*TASK INPUTS*
lemma shifted_power_sum_append:
  "shifted_power_sum s (u @ v) c k = shifted_power_sum s u c k + shifted_power_sum (s + length u) v c k"
proof -
  have split: "(\<Sum>t<m + n. f t) = (\<Sum>t<m. f t) + (\<Sum>t<n. f (m + t))" for m n and f :: "nat \<Rightarrow> nat"
    by (induction n) auto
  show ?thesis
    unfolding shifted_power_sum_def length_append split by (simp add: nth_append ac_simps cong: if_cong)
qed

lemma shifted_power_sum_Cons:
  "shifted_power_sum s (x # u) c k = (if x = c then (s + 1) ^ k else 0) + shifted_power_sum (s + 1) u c k"
  using shifted_power_sum_append[of s "[x]" u c k] by (simp add: shifted_power_sum_def)

lemma shifted_power_sum_concat:
  assumes "\<forall>v\<in>set vs. length v = m"
  shows "shifted_power_sum s (concat vs) c k = (\<Sum>i<length vs. shifted_power_sum (s + i * m) (vs ! i) c k)"
  using assms
proof (induction vs arbitrary: s)
  case Nil
  then show ?case by (simp add: shifted_power_sum_def)
next
  case (Cons v vs)
  then show ?case
    unfolding length_Cons sum.lessThan_Suc_shift by (simp add: shifted_power_sum_append ac_simps)
qed

lemma shifted_power_sum_binomial:
  "shifted_power_sum s u c k = (\<Sum>j\<le>k. (k choose j) * s ^ (k - j) * power_sum u c j)"
proof -
  have "(s + t + 1) ^ k = (\<Sum>j\<le>k. (k choose j) * s ^ (k - j) * (t + 1) ^ j)" for t
    using binomial_ring[of "t + 1" s k] by (simp add: ac_simps)
  then have "shifted_power_sum s u c k =
      (\<Sum>t<length u. \<Sum>j\<le>k. (k choose j) * s ^ (k - j) * (if u ! t = c then (t + 1) ^ j else 0))"
    unfolding shifted_power_sum_def by (intro sum.cong) simp_all
  also have "\<dots> = (\<Sum>j\<le>k. (k choose j) * s ^ (k - j) * power_sum u c j)"
    unfolding power_sum_eq_shifted_power_sum shifted_power_sum_def
    by (subst sum.swap) (simp add: sum_distrib_left cong: if_cong)
  finally show ?thesis .
qed

lemma power_sum_append:
  "power_sum (u @ v) c k = power_sum u c k + (\<Sum>j\<le>k. (k choose j) * length u ^ (k - j) * power_sum v c j)"
  using shifted_power_sum_binomial[of "length u" v c k]
  by (simp add: power_sum_eq_shifted_power_sum shifted_power_sum_append)

lemma power_sum_map:
  assumes "inj_on f (insert c (set u))"
  shows "power_sum (map f u) (f c) k = power_sum u c k"
proof -
  have "f (u ! t) = f c \<longleftrightarrow> u ! t = c" if "t < length u" for t
    using assms nth_mem[OF that] by (metis inj_onD insertCI)
  then show ?thesis
    unfolding power_sum_eq_shifted_power_sum shifted_power_sum_def by (intro sum.cong) auto
qed

lemma regular_wordD:
  "regular_word A r u \<Longrightarrow> int k \<le> r \<Longrightarrow> c \<in> A \<Longrightarrow> d \<in> A \<Longrightarrow>
    power_sum u c k = power_sum u d k"
  unfolding regular_word_def by blast

lemma regular_word_int_iff:
  "regular_word A (int r) u \<longleftrightarrow>
    set u \<subseteq> A \<and> (\<forall>k\<in>{..r}. \<forall>c\<in>A. \<forall>d\<in>A. power_sum u c k = power_sum u d k)"
  by (auto simp: regular_word_def)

*WHAT IS BEING ASKED*
The line containing "r) u \<longleftrightarrow>" marks the start; retype it and each line after it through the end of the records above, exactly.

*EXPECTED ANSWER*
  "regular_word A (int r) u \<longleftrightarrow>
    set u \<subseteq> A \<and> (\<forall>k\<in>{..r}. \<forall>c\<in>A. \<forall>d\<in>A. power_sum u c k = power_sum u d k)"
  by (auto simp: regular_word_def)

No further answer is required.